The fuel injectors may not be firing. This can be tested with a "noid" light probe for each injector harness connector; the probe kit can be purchased at most auto parts stores or online at Amazon.com. If one or more injectors are not firing, the problem could be bad timing sensors, a bad ECU or missing 12V.

Tee-in a temporary fuel pressure gauge between the fuel feed hose and the fuel rail. Turn the ignition key to the run position but DO NOT TRY TO START THE ENGINE. The fuel pressure reading should be around 51 psi which would be a static reading.

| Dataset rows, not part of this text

lemma nn_integral_indicator_mult_eq_integral:
  assumes "integrable M a" "\<And>x. a x \<ge> 0" "G \<in> sets M"
  shows "(\<integral>\<^sup>+x. indicator G x * ennreal (a x) \<partial>M) = ennreal (\<integral>x. indicator G x * a x \<partial>M)"
proof -
  have "(\<integral>\<^sup>+x. indicator G x * ennreal (a x) \<partial>M) = (\<integral>\<^sup>+x. ennreal (indicator G x * a x) \<partial>M)"
    by (intro nn_integral_cong) (simp add: indicator_def)
  also have "\<dots> = ennreal (\<integral>x. indicator G x * a x \<partial>M)"
    using assms integrable_real_mult_indicator[OF assms(3,1)]
    by (intro nn_integral_eq_integral) (auto simp: mult.commute)
  finally show ?thesis .
qed

lemma nn_cond_exp_indicator_integral:
  assumes "sigma_finite_subalgebra M F" "G \<in> sets F" "integrable M c" "\<And>x. c x \<ge> 0"
  shows "(\<integral>\<^sup>+x. indicator G x * nn_cond_exp M F (\<lambda>x. ennreal (c x)) x \<partial>M)
    = ennreal (\<integral>x. indicator G x * c x \<partial>M)"
proof -
  interpret sigma_finite_subalgebra M F by fact
  have [measurable]: "c \<in> borel_measurable M" using assms(3) by simp
  have "(\<integral>\<^sup>+x. indicator G x * nn_cond_exp M F (\<lambda>x. ennreal (c x)) x \<partial>M)
      = (\<integral>\<^sup>+x. indicator G x * ennreal (c x) \<partial>M)"
    using borel_measurable_indicator[OF assms(2)] by (intro nn_cond_exp_intg) auto
  also have "\<dots> = ennreal (\<integral>x. indicator G x * c x \<partial>M)"
    using assms subalg by (intro nn_integral_indicator_mult_eq_integral) (auto simp: subalgebra_def)
  finally show ?thesis .
qed

lemma level_set_emeasure_pos:
  fixes a b :: "'a \<Rightarrow> ennreal"
  assumes "B \<in> sets M" "a \<in> borel_measurable M" "AE x in M. b x \<noteq> \<infinity>"
    and "(\<integral>\<^sup>+x. indicator B x * a x \<partial>M) \<noteq> 0"
    and "\<And>k. {x \<in> space M. x \<in> B \<and> b x \<le> of_nat k \<and> 1 \<le> of_nat k * a x} \<in> sets M"
  obtains k :: nat where "emeasure M {x \<in> space M. x \<in> B \<and> b x \<le> of_nat k \<and> 1 \<le> of_nat k * a x} > 0"
proof (rule ccontr)
  define H where "H k = {x \<in> space M. x \<in> B \<and> b x \<le> of_nat k \<and> 1 \<le> of_nat k * a x}" for k :: nat
  assume "\<not> thesis"
  then have "H k \<in> null_sets M" for k
    using that[of k] assms(5)[of k] unfolding H_def by (auto simp: null_sets_def zero_less_iff_neq_zero)
  then have "AE x in M. \<forall>k. x \<notin> H k"
    by (intro AE_all_countable[THEN iffD2] allI AE_not_in)
  then have "AE x in M. indicator B x * a x = 0"
    using assms(3)
  proof eventually_elim
    case (elim x)
    show ?case
    proof (rule ccontr)
      assume "indicator B x * a x \<noteq> 0"
      then have "x \<in> B" "a x \<noteq> 0" by (auto simp: indicator_def split: if_splits)
      then obtain k where "b x \<le> of_nat k" "1 \<le> of_nat k * a x"
        using ennreal_ex_nat_bounds[OF elim(2)] by blast
      then have "x \<in> H k" using \<open>x \<in> B\<close> sets.sets_into_space[OF assms(1)] unfolding H_def by auto
      then show False using elim(1) by blast
    qed
  qed
  then have "(\<integral>\<^sup>+x. indicator B x * a x \<partial>M) = 0"
    using assms(1,2) by (subst nn_integral_0_iff_AE) auto
  then show False using assms(4) by simp
qed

If the reading is very low or zero, the fuel pump may have failed or the fuel pressure regulator is defective.

* Testing ignition:
Pull several coil packs to test; use a spare spark plug in the coil pack to test; ground the plug base with a jumper wire to the engine block; see if you're getting a spark while trying to start the engine. If no spark, the coil pack could be bad, missing 12V, or a bad ECU.

* The cam timing may be incorrect:
Check the chain guide to see if it's broken or it may be cracked and has skipped some teeth.

* There may be a major intake system vacuum leak. Check the intake manifold nuts to make sure they are tight. The gasket may have failed. Also check the intake plenum bellows at the throttle valve and at the MAF for cracks or loose clamps.